- [DIRECTIONS]:
Your response should be every line of the data, written out exactly.

- [MATERIAL FOR THIS TASK]:

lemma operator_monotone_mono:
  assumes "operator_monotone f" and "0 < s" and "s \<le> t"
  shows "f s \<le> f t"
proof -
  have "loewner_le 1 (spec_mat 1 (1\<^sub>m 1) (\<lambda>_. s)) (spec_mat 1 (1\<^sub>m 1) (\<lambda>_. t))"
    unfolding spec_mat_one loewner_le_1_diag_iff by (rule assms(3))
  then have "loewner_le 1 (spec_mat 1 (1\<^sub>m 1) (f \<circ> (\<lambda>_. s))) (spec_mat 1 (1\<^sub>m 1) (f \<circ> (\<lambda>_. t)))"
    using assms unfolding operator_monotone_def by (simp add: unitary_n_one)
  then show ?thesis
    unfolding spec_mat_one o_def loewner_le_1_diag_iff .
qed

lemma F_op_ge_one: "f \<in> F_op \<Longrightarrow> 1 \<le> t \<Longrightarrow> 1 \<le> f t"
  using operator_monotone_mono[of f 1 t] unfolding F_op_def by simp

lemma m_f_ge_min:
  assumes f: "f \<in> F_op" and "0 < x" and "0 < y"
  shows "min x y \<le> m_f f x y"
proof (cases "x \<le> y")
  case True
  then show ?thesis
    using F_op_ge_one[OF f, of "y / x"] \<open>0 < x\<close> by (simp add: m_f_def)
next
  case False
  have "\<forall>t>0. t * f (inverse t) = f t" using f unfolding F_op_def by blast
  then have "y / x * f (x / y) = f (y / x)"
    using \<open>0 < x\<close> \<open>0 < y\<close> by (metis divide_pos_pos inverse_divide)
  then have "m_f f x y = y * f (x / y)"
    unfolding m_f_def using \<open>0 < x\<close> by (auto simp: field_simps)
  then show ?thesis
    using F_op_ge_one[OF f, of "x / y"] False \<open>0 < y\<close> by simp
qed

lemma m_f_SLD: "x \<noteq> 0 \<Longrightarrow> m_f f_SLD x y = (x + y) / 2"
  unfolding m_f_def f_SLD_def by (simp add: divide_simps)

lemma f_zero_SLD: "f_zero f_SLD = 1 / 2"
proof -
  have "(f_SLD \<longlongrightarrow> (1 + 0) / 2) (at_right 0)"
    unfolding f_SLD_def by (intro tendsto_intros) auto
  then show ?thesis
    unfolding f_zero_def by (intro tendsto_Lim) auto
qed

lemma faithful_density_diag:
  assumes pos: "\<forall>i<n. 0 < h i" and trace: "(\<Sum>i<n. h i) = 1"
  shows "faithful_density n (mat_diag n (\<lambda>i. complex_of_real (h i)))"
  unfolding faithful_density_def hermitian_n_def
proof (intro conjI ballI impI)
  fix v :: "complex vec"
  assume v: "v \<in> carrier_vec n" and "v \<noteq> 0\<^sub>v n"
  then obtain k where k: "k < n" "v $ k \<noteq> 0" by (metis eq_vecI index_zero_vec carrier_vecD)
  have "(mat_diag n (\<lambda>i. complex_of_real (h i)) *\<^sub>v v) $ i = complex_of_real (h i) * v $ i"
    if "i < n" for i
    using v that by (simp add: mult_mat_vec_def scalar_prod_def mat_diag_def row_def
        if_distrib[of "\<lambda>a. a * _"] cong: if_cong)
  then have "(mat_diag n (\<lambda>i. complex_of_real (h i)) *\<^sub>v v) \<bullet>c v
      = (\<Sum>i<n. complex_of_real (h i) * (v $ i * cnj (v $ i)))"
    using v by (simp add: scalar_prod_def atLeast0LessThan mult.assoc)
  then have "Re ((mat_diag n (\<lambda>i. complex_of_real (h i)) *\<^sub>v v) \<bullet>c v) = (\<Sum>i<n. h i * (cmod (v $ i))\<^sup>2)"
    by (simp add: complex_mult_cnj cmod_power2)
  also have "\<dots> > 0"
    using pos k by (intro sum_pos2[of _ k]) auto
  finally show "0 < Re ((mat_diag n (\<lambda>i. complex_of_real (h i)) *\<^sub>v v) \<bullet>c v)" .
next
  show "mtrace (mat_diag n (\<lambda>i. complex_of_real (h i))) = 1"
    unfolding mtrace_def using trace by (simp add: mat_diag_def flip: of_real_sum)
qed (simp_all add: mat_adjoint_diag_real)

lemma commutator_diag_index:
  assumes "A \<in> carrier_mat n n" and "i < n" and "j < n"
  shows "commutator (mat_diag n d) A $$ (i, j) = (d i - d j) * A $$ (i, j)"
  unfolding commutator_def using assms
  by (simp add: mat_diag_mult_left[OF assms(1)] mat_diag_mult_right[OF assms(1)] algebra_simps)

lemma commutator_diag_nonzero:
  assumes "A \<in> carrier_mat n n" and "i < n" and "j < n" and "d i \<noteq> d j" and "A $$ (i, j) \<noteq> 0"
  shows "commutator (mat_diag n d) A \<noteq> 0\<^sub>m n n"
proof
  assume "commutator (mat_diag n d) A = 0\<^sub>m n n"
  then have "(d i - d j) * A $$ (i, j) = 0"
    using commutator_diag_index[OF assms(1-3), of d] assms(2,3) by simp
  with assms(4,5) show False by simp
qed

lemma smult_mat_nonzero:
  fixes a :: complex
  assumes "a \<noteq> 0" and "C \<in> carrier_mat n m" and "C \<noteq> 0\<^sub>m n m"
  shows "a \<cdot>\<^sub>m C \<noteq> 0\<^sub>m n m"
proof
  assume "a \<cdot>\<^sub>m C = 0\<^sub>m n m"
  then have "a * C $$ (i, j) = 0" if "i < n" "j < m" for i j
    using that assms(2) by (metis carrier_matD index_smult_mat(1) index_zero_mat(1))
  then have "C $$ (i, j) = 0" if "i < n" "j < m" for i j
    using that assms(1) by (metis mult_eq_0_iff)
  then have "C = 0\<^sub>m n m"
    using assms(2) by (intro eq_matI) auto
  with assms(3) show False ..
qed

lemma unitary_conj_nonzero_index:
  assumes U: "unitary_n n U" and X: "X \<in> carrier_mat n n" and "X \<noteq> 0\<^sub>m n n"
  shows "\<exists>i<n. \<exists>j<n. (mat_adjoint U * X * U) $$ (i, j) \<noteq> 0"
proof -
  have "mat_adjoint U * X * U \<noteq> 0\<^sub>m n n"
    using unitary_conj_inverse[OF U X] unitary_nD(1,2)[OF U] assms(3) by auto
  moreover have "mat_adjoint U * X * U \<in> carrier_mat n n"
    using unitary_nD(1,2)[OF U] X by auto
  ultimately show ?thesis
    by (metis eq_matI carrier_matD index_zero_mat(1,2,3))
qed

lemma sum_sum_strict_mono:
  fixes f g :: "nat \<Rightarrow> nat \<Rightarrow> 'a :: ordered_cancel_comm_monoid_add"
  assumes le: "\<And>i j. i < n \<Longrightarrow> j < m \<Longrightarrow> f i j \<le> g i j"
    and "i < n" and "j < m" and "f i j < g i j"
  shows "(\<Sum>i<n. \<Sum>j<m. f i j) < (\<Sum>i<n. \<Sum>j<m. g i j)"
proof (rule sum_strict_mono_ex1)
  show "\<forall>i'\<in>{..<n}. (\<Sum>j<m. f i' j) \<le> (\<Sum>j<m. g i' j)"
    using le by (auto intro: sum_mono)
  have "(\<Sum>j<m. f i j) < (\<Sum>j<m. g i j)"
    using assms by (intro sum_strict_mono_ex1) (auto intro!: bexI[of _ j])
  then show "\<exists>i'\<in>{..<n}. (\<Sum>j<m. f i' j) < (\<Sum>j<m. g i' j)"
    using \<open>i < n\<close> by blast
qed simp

- [ANSWER BOX]:
lemma operator_monotone_mono:
  assumes "operator_monotone f" and "0 < s" and "s \<le> t"
  shows "f s \<le> f t"
proof -
  have "loewner_le 1 (spec_mat 1 (1\<^sub>m 1) (\<lambda>_. s)) (spec_mat 1 (1\<^sub>m 1) (\<lambda>_. t))"
    unfolding spec_mat_one loewner_le_1_diag_iff by (rule assms(3))
  then have "loewner_le 1 (spec_mat 1 (1\<^sub>m 1) (f \<circ> (\<lambda>_. s))) (spec_mat 1 (1\<^sub>m 1) (f \<circ> (\<lambda>_. t)))"
    using assms unfolding operator_monotone_def by (simp add: unitary_n_one)
  then show ?thesis
    unfolding spec_mat_one o_def loewner_le_1_diag_iff .
qed

lemma F_op_ge_one: "f \<in> F_op \<Longrightarrow> 1 \<le> t \<Longrightarrow> 1 \<le> f t"
  using operator_monotone_mono[of f 1 t] unfolding F_op_def by simp

lemma m_f_ge_min:
  assumes f: "f \<in> F_op" and "0 < x" and "0 < y"
  shows "min x y \<le> m_f f x y"
proof (cases "x \<le> y")
  case True
  then show ?thesis
    using F_op_ge_one[OF f, of "y / x"] \<open>0 < x\<close> by (simp add: m_f_def)
next
  case False
  have "\<forall>t>0. t * f (inverse t) = f t" using f unfolding F_op_def by blast
  then have "y / x * f (x / y) = f (y / x)"
    using \<open>0 < x\<close> \<open>0 < y\<close> by (metis divide_pos_pos inverse_divide)
  then have "m_f f x y = y * f (x / y)"
    unfolding m_f_def using \<open>0 < x\<close> by (auto simp: field_simps)
  then show ?thesis
    using F_op_ge_one[OF f, of "x / y"] False \<open>0 < y\<close> by simp
qed

lemma m_f_SLD: "x \<noteq> 0 \<Longrightarrow> m_f f_SLD x y = (x + y) / 2"
  unfolding m_f_def f_SLD_def by (simp add: divide_simps)

lemma f_zero_SLD: "f_zero f_SLD = 1 / 2"
proof -
  have "(f_SLD \<longlongrightarrow> (1 + 0) / 2) (at_right 0)"
    unfolding f_SLD_def by (intro tendsto_intros) auto
  then show ?thesis
    unfolding f_zero_def by (intro tendsto_Lim) auto
qed

lemma faithful_density_diag:
  assumes pos: "\<forall>i<n. 0 < h i" and trace: "(\<Sum>i<n. h i) = 1"
  shows "faithful_density n (mat_diag n (\<lambda>i. complex_of_real (h i)))"
  unfolding faithful_density_def hermitian_n_def
proof (intro conjI ballI impI)
  fix v :: "complex vec"
  assume v: "v \<in> carrier_vec n" and "v \<noteq> 0\<^sub>v n"
  then obtain k where k: "k < n" "v $ k \<noteq> 0" by (metis eq_vecI index_zero_vec carrier_vecD)
  have "(mat_diag n (\<lambda>i. complex_of_real (h i)) *\<^sub>v v) $ i = complex_of_real (h i) * v $ i"
    if "i < n" for i
    using v that by (simp add: mult_mat_vec_def scalar_prod_def mat_diag_def row_def
        if_distrib[of "\<lambda>a. a * _"] cong: if_cong)
  then have "(mat_diag n (\<lambda>i. complex_of_real (h i)) *\<^sub>v v) \<bullet>c v
      = (\<Sum>i<n. complex_of_real (h i) * (v $ i * cnj (v $ i)))"
    using v by (simp add: scalar_prod_def atLeast0LessThan mult.assoc)
  then have "Re ((mat_diag n (\<lambda>i. complex_of_real (h i)) *\<^sub>v v) \<bullet>c v) = (\<Sum>i<n. h i * (cmod (v $ i))\<^sup>2)"
    by (simp add: complex_mult_cnj cmod_power2)
  also have "\<dots> > 0"
    using pos k by (intro sum_pos2[of _ k]) auto
  finally show "0 < Re ((mat_diag n (\<lambda>i. complex_of_real (h i)) *\<^sub>v v) \<bullet>c v)" .
next
  show "mtrace (mat_diag n (\<lambda>i. complex_of_real (h i))) = 1"
    unfolding mtrace_def using trace by (simp add: mat_diag_def flip: of_real_sum)
qed (simp_all add: mat_adjoint_diag_real)

lemma commutator_diag_index:
  assumes "A \<in> carrier_mat n n" and "i < n" and "j < n"
  shows "commutator (mat_diag n d) A $$ (i, j) = (d i - d j) * A $$ (i, j)"
  unfolding commutator_def using assms
  by (simp add: mat_diag_mult_left[OF assms(1)] mat_diag_mult_right[OF assms(1)] algebra_simps)

lemma commutator_diag_nonzero:
  assumes "A \<in> carrier_mat n n" and "i < n" and "j < n" and "d i \<noteq> d j" and "A $$ (i, j) \<noteq> 0"
  shows "commutator (mat_diag n d) A \<noteq> 0\<^sub>m n n"
proof
  assume "commutator (mat_diag n d) A = 0\<^sub>m n n"
  then have "(d i - d j) * A $$ (i, j) = 0"
    using commutator_diag_index[OF assms(1-3), of d] assms(2,3) by simp
  with assms(4,5) show False by simp
qed

lemma smult_mat_nonzero:
  fixes a :: complex
  assumes "a \<noteq> 0" and "C \<in> carrier_mat n m" and "C \<noteq> 0\<^sub>m n m"
  shows "a \<cdot>\<^sub>m C \<noteq> 0\<^sub>m n m"
proof
  assume "a \<cdot>\<^sub>m C = 0\<^sub>m n m"
  then have "a * C $$ (i, j) = 0" if "i < n" "j < m" for i j
    using that assms(2) by (metis carrier_matD index_smult_mat(1) index_zero_mat(1))
  then have "C $$ (i, j) = 0" if "i < n" "j < m" for i j
    using that assms(1) by (metis mult_eq_0_iff)
  then have "C = 0\<^sub>m n m"
    using assms(2) by (intro eq_matI) auto
  with assms(3) show False ..
qed

lemma unitary_conj_nonzero_index:
  assumes U: "unitary_n n U" and X: "X \<in> carrier_mat n n" and "X \<noteq> 0\<^sub>m n n"
  shows "\<exists>i<n. \<exists>j<n. (mat_adjoint U * X * U) $$ (i, j) \<noteq> 0"
proof -
  have "mat_adjoint U * X * U \<noteq> 0\<^sub>m n n"
    using unitary_conj_inverse[OF U X] unitary_nD(1,2)[OF U] assms(3) by auto
  moreover have "mat_adjoint U * X * U \<in> carrier_mat n n"
    using unitary_nD(1,2)[OF U] X by auto
  ultimately show ?thesis
    by (metis eq_matI carrier_matD index_zero_mat(1,2,3))
qed

lemma sum_sum_strict_mono:
  fixes f g :: "nat \<Rightarrow> nat \<Rightarrow> 'a :: ordered_cancel_comm_monoid_add"
  assumes le: "\<And>i j. i < n \<Longrightarrow> j < m \<Longrightarrow> f i j \<le> g i j"
    and "i < n" and "j < m" and "f i j < g i j"
  shows "(\<Sum>i<n. \<Sum>j<m. f i j) < (\<Sum>i<n. \<Sum>j<m. g i j)"
proof (rule sum_strict_mono_ex1)
  show "\<forall>i'\<in>{..<n}. (\<Sum>j<m. f i' j) \<le> (\<Sum>j<m. g i' j)"
    using le by (auto intro: sum_mono)
  have "(\<Sum>j<m. f i j) < (\<Sum>j<m. g i j)"
    using assms by (intro sum_strict_mono_ex1) (auto intro!: bexI[of _ j])
  then show "\<exists>i'\<in>{..<n}. (\<Sum>j<m. f i' j) < (\<Sum>j<m. g i' j)"
    using \<open>i < n\<close> by blast
qed simp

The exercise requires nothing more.